**PROMPT**
Here the job is to return only the lines of the material, exactly, from the first one to the line with "f \<longleftrightarrow> f".

**GIVEN DATA**
■ ■ ■ ■ ■ ■ ■

(* Let $0<\lambda\le1$ and $f\in\mathcal U(\lambda)$ with $\dfrac{z}{f(z)}=1+\sum_{k=1}^\infty b_kz^k$ in $\mathbb D$. Define $g$ by $$\frac{z}{g(z)}=1+\sum_{k=1}^\infty \operatorname{Re}\{b_k\}\,z^k,\qquad z\in\mathbb D.$$ If $z/g(z)\ne0$ for all $z\in\mathbb D$, then $g\in\mathcal U(\lambda)$.
   Context: $\mathbb D=\{z\in\mathbb C:|z|<1\}$. $\mathcal A$ is the class of functions $f$ analytic in $\mathbb D$ with $f(z)=z+\sum_{k\ge2}a_kz^k$. For $f\in\mathcal A$ with $f(z)\ne0$ for $z\in\mathbb D\setminus\{0\}$, set $U_f(z)=\left(\frac{z}{f(z)}\right)^2f'(z)-1$. For $0<\lambda\le1$, $\mathcal U(\lambda)$ is the class of such $f\in\mathcal A$ with $|U_f(z)|<\lambda$ for all $z\in\mathbb D$. *)

theory Defs
  imports "HOL-Analysis.Analysis"
begin

abbreviation unit_disk :: "complex set" where
  "unit_disk \<equiv> ball 0 1"

definition classA :: "(complex \<Rightarrow> complex) \<Rightarrow> bool" where
  "classA f \<longleftrightarrow> f analytic_on unit_disk \<and> f 0 = 0 \<and> deriv f 0 = 1"

text \<open>The function z/f(z), with its removable value 1 at z = 0 (since f(0)=0, f'(0)=1).\<close>
definition zdivf :: "(complex \<Rightarrow> complex) \<Rightarrow> complex \<Rightarrow> complex" where
  "zdivf f z = (if z = 0 then 1 else z / f z)"

definition Uf :: "(complex \<Rightarrow> complex) \<Rightarrow> complex \<Rightarrow> complex" where
  "Uf f z = (zdivf f z)^2 * deriv f z - 1"

definition classU :: "real \<Rightarrow> (complex \<Rightarrow> complex) \<Rightarrow> bool" where
  "classU lam f \<longleftrightarrow> classA f \<and> (\<forall>z\<in>unit_disk - {0}. f z \<noteq> 0)
      \<and> (\<forall>z\<in>unit_disk. cmod (Uf f z) < lam)"

end

theory Submission
  imports Defs "HOL-Complex_Analysis.Cauchy_Integral_Formula"
begin

text \<open>Writing \<open>f(z) = z / p(z)\<close>, one has \<open>U\<^sub>f = p - z p' - 1\<close> (this is \<open>U_of_quotient p\<close>),
  which is real-linear in \<open>p\<close> and commutes with the reflection \<open>p \<mapsto> cnj \<circ> p \<circ> cnj\<close>.
  Taking real parts of the Taylor coefficients of \<open>p\<close> replaces \<open>p\<close> by the average of \<open>p\<close> and its
  reflection, so \<open>U\<^sub>g(z)\<close> is the average of \<open>U\<^sub>f(z)\<close> and \<open>cnj (U\<^sub>f (cnj z))\<close>, and the bound
  \<open>\<lambda>\<close> survives by the triangle inequality.\<close>

definition U_of_quotient :: "(complex \<Rightarrow> complex) \<Rightarrow> complex \<Rightarrow> complex" where
  "U_of_quotient p z = p z - z * deriv p z - 1"

lemma deriv_cong_open:
  assumes "open S" "z \<in> S" "\<And>w. w \<in> S \<Longrightarrow> f w = g w"
  shows "deriv f z = deriv g z"
proof -
  have "eventually (\<lambda>w. f w = g w) (nhds z)"
    using eventually_nhds_in_open[OF assms(1,2)] by eventually_elim (use assms(3) in auto)
  then show ?thesis by (rule deriv_cong_ev) simp
qed

lemma Uf_cong_open:
  assumes "open S" "z \<in> S" "\<And>w. w \<in> S \<Longrightarrow> f w = g w"
  shows "Uf f z = Uf g z"
  using deriv_cong_open[OF assms] assms(2,3) by (simp add: Uf_def zdivf_def)

lemma classU_cong:
  assumes "\<And>z. z \<in> unit_disk \<Longrightarrow> f z = g z"
  shows "classU lam f \<longleftrightarrow> classU lam g"
proof -
  have "f holomorphic_on unit_disk \<longleftrightarrow> g holomorphic_on unit_disk"
    by (rule holomorphic_cong) (simp_all add: assms)
  then have "f analytic_on unit_disk \<longleftrightarrow> g analytic_on unit_disk"
    by (simp add: analytic_on_open)
  moreover have "deriv f 0 = deriv g 0"
    using deriv_cong_open[of unit_disk 0 f g] assms by simp
  moreover have "Uf f z = Uf g z" if "z \<in> unit_disk" for z
    using Uf_cong_open[of unit_disk z f g] assms that by simp
  ultimately show ?thesis
    using assms by (simp add: classU_def classA_def)
qed

lemma zdivf_quotient:
  assumes "p 0 = 1"
  shows "zdivf (\<lambda>w. w / p w) z = p z"
  using assms by (cases "p z = 0") (auto simp: zdivf_def)

lemma deriv_quotient:
  assumes "(p has_field_derivative p') (at z)" "p z \<noteq> 0"
  shows "deriv (\<lambda>w. w / p w) z = (p z - z * p') / (p z)^2"
proof -
  have "((\<lambda>w. w / p w) has_field_derivative (p z - z * p') / (p z)^2) (at z)"
    using assms by (auto intro!: derivative_eq_intros simp: power2_eq_square)
  then show ?thesis by (rule DERIV_imp_deriv)
qed

lemma Uf_quotient:
  assumes "(p has_field_derivative p') (at z)" "p z \<noteq> 0" "p 0 = 1"
  shows "Uf (\<lambda>w. w / p w) z = p z - z * p' - 1"
  using assms(2) by (simp add: Uf_def zdivf_quotient[of p, OF assms(3)] deriv_quotient[OF assms(1,2)]
      power2_eq_square)

lemma classU_quotient_iff:
  assumes "p holomorphic_on unit_disk" "\<forall>z\<in>unit_disk. p z \<noteq> 0" "p 0 = 1"
  shows "classU lam (\<lambda>z. z / p z) \<longleftrightarrow> (\<forall>z\<in>unit_disk. cmod (U_of_quotient p z) < lam)"
proof -
  have p_deriv: "(p has_field_derivative deriv p z) (at z)" if "z \<in> unit_disk" for z
    using holomorphic_derivI[OF assms(1) _ that] by simp
  have "(\<lambda>z. z / p z) analytic_on unit_disk"
    using assms(1,2) by (auto simp: analytic_on_open intro!: holomorphic_intros)
  moreover have "deriv (\<lambda>z. z / p z) 0 = 1"
    using deriv_quotient[OF p_deriv] assms(3) by simp
  moreover have "Uf (\<lambda>w. w / p w) z = U_of_quotient p z" if "z \<in> unit_disk" for z
    using Uf_quotient[OF p_deriv[OF that]] assms(2,3) that by (simp add: U_of_quotient_def)
  ultimately show ?thesis
    using assms(2) by (auto simp: classU_def classA_def)
qed

lemma holomorphic_on_power_series_Suc:
  assumes "\<And>z. z \<in> ball 0 r \<Longrightarrow> (\<lambda>k. a (Suc k) * z ^ Suc k) sums s z"
  shows "s holomorphic_on ball 0 r"
proof (rule power_series_holomorphic)
  fix z :: complex assume "z \<in> ball 0 r"
  then have "(\<lambda>k. (if Suc k = 0 then 0 else a (Suc k)) * (z - 0) ^ Suc k) sums s z"
    using assms by simp
  then show "(\<lambda>n. (if n = 0 then 0 else a n) * (z - 0) ^ n) sums s z"
    by (subst (asm) sums_Suc_iff) simp
qed

lemma sums_Re_coeffs:
  assumes "(\<lambda>k. a k * u k) sums s" "(\<lambda>k. a k * cnj (u k)) sums t"
  shows "(\<lambda>k. complex_of_real (Re (a k)) * u k) sums ((s + cnj t) / 2)"
proof -
  have "(\<lambda>k. cnj (a k) * u k) sums cnj t"
    using assms(2) by (subst sums_cnj[symmetric]) simp
  from sums_divide[OF sums_add[OF assms(1) this], of 2] show ?thesis
    by (simp add: complex_add_cnj flip: distrib_right)
qed

lemma has_field_derivative_reflection_average:
  assumes "(p has_field_derivative p1) (at z)" "(p has_field_derivative p2) (at (cnj z))"
  shows "((\<lambda>w. (p w + cnj (p (cnj w))) / 2) has_field_derivative (p1 + cnj p2) / 2) (at z)"
proof -
  have "((\<lambda>w. cnj (p (cnj w))) has_field_derivative cnj p2) (at z)"
    using has_field_derivative_cnj_cnj[OF assms(2)] by (simp add: o_def)
  then show ?thesis
    using assms(1) by (auto intro!: derivative_eq_intros)
qed

context
  fixes S :: "complex set" and p :: "complex \<Rightarrow> complex"
  assumes S_open: "open S" and S_cnj: "\<And>z. z \<in> S \<Longrightarrow> cnj z \<in> S"
    and p_holo: "p holomorphic_on S"
begin

private lemma reflection_average_deriv:
  assumes "z \<in> S"
  shows "((\<lambda>w. (p w + cnj (p (cnj w))) / 2) has_field_derivative
           (deriv p z + cnj (deriv p (cnj z))) / 2) (at z)"
  by (intro has_field_derivative_reflection_average holomorphic_derivI[OF p_holo S_open]
      assms S_cnj)

lemma holomorphic_on_reflection_average:
  "(\<lambda>w. (p w + cnj (p (cnj w))) / 2) holomorphic_on S"
  using reflection_average_deriv S_open
  by (auto simp: holomorphic_on_open field_differentiable_def)

lemma U_of_quotient_reflection_average:
  assumes "z \<in> S"
  shows "U_of_quotient (\<lambda>w. (p w + cnj (p (cnj w))) / 2) z
           = (U_of_quotient p z + cnj (U_of_quotient p (cnj z))) / 2"
  using DERIV_imp_deriv[OF reflection_average_deriv[OF assms]]
  by (simp add: U_of_quotient_def field_simps)

lemma U_of_quotient_reflection_average_bound:
  assumes "\<forall>z\<in>S. cmod (U_of_quotient p z) < lam" "z \<in> S"
  shows "cmod (U_of_quotient (\<lambda>w. (p w + cnj (p (cnj w))) / 2) z) < lam"
proof -
  have "cmod (U_of_quotient (\<lambda>w. (p w + cnj (p (cnj w))) / 2) z)
          = cmod (U_of_quotient p z + cnj (U_of_quotient p (cnj z))) / 2"
    unfolding U_of_quotient_reflection_average[OF assms(2)] norm_divide by simp
  also have "\<dots> \<le> (cmod (U_of_quotient p z) + cmod (U_of_quotient p (cnj z))) / 2"
    using norm_triangle_ineq[of "U_of_quotient p z" "cnj (U_of_quotient p (cnj z))"] by simp
  also have "\<dots> < lam"
  proof -
    have "cmod (U_of_quotient p z) < lam" "cmod (U_of_quotient p (cnj z)) < lam"
      using bspec[OF assms(1) assms(2)] bspec[OF assms(1) S_cnj[OF assms(2)]] by auto
    then show ?thesis
      by (simp add: field_simps)
  qed
  finally show ?thesis .
qed

end

lemma classU_imp_U_of_quotient_bound:
  assumes "classU lam f" "p holomorphic_on unit_disk" "\<forall>z\<in>unit_disk. p z = zdivf f z"
  shows "\<forall>z\<in>unit_disk. cmod (U_of_quotient p z) < lam"
proof -
  have f0: "f 0 = 0" and f_nz: "\<And>z. z \<in> unit_disk - {0} \<Longrightarrow> f z \<noteq> 0"
    using assms(1) by (auto simp: classU_def classA_def)
  have p0: "p 0 = 1" and p_nz: "\<forall>z\<in>unit_disk. p z \<noteq> 0"
    using assms(3) f_nz by (auto simp: zdivf_def)
  have "f z = z / p z" if "z \<in> unit_disk" for z
    using assms(3) f0 f_nz[of z] that by (cases "z = 0") (auto simp: zdivf_def)
  then have "classU lam (\<lambda>z. z / p z)"
    using assms(1) classU_cong[of f "\<lambda>z. z / p z"] by blast
  then show ?thesis
    using classU_quotient_iff[OF assms(2) p_nz p0] by blast
qed

theorem mainTheorem13:
  fixes f :: "complex \<Rightarrow> complex" and b :: "nat \<Rightarrow> complex" and lam :: real
  assumes "0 < lam" and "lam \<le> 1"
    and "classU lam f"
    and "\<forall>z\<in>unit_disk. (\<lambda>k. b (Suc k) * z ^ Suc k) sums (zdivf f z - 1)"
    and "\<forall>z\<in>unit_disk. 1 + (\<Sum>k. complex_of_real (Re (b (Suc k))) * z ^ Suc k) \<noteq> 0"
  shows "classU lam (\<lambda>z. z / (1 + (\<Sum>k. complex_of_real (Re (b (Suc k))) * z ^ Suc k)))"
proof -
  define P where "P z = 1 + (\<Sum>k. b (Suc k) * z ^ Suc k)" for z
  define Q where "Q z = (P z + cnj (P (cnj z))) / 2" for z
  have P_sums: "(\<lambda>k. b (Suc k) * z ^ Suc k) sums (P z - 1)"
    and P_zdivf: "P z = zdivf f z" if "z \<in> unit_disk" for z
    using assms(4) that by (auto simp: P_def sums_iff)
  have P_holo: "P holomorphic_on unit_disk"
    unfolding P_def using P_sums
    by (intro holomorphic_intros holomorphic_on_power_series_Suc) (auto simp: P_def)
  have P_bound: "\<forall>z\<in>unit_disk. cmod (U_of_quotient P z) < lam"
    using classU_imp_U_of_quotient_bound[OF assms(3) P_holo] P_zdivf by blast
  have Q_series: "1 + (\<Sum>k. complex_of_real (Re (b (Suc k))) * z ^ Suc k) = Q z"
    if "z \<in> unit_disk" for z
    using sums_Re_coeffs[OF P_sums[OF that], of "P (cnj z) - 1"] P_sums[of "cnj z"] that
    by (auto simp: Q_def sums_iff field_simps)
  have Q_holo: "Q holomorphic_on unit_disk"
    unfolding Q_def by (rule holomorphic_on_reflection_average) (use P_holo in auto)
  have Q_bound: "\<forall>z\<in>unit_disk. cmod (U_of_quotient Q z) < lam"
    unfolding Q_def[abs_def]
    by (auto intro!: U_of_quotient_reflection_average_bound[of unit_disk P, OF _ _ P_holo P_bound])
  have Q0: "Q 0 = 1"
    by (simp add: Q_def P_def)
  have Q_nz: "\<forall>z\<in>unit_disk. Q z \<noteq> 0"
    using assms(5) by (simp flip: Q_series)
  have "classU lam (\<lambda>z. z / Q z)"
    using classU_quotient_iff[OF Q_holo Q_nz Q0] Q_bound by blast
  moreover have "classU lam (\<lambda>z. z / (1 + (\<Sum>k. complex_of_real (Re (b (Suc k))) * z ^ Suc k)))
      \<longleftrightarrow> classU lam (\<lambda>z. z / Q z)"
    by (rule classU_cong) (simp add: Q_series del: power_Suc)
  ultimately show ?thesis
    by blast
qed

end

■ ■ ■ ■ ■ ■ ■

**RESULT BELOW**
(* Let $0<\lambda\le1$ and $f\in\mathcal U(\lambda)$ with $\dfrac{z}{f(z)}=1+\sum_{k=1}^\infty b_kz^k$ in $\mathbb D$. Define $g$ by $$\frac{z}{g(z)}=1+\sum_{k=1}^\infty \operatorname{Re}\{b_k\}\,z^k,\qquad z\in\mathbb D.$$ If $z/g(z)\ne0$ for all $z\in\mathbb D$, then $g\in\mathcal U(\lambda)$.
   Context: $\mathbb D=\{z\in\mathbb C:|z|<1\}$. $\mathcal A$ is the class of functions $f$ analytic in $\mathbb D$ with $f(z)=z+\sum_{k\ge2}a_kz^k$. For $f\in\mathcal A$ with $f(z)\ne0$ for $z\in\mathbb D\setminus\{0\}$, set $U_f(z)=\left(\frac{z}{f(z)}\right)^2f'(z)-1$. For $0<\lambda\le1$, $\mathcal U(\lambda)$ is the class of such $f\in\mathcal A$ with $|U_f(z)|<\lambda$ for all $z\in\mathbb D$. *)

theory Defs
  imports "HOL-Analysis.Analysis"
begin

abbreviation unit_disk :: "complex set" where
  "unit_disk \<equiv> ball 0 1"

definition classA :: "(complex \<Rightarrow> complex) \<Rightarrow> bool" where
  "classA f \<longleftrightarrow> f analytic_on unit_disk \<and> f 0 = 0 \<and> deriv f 0 = 1"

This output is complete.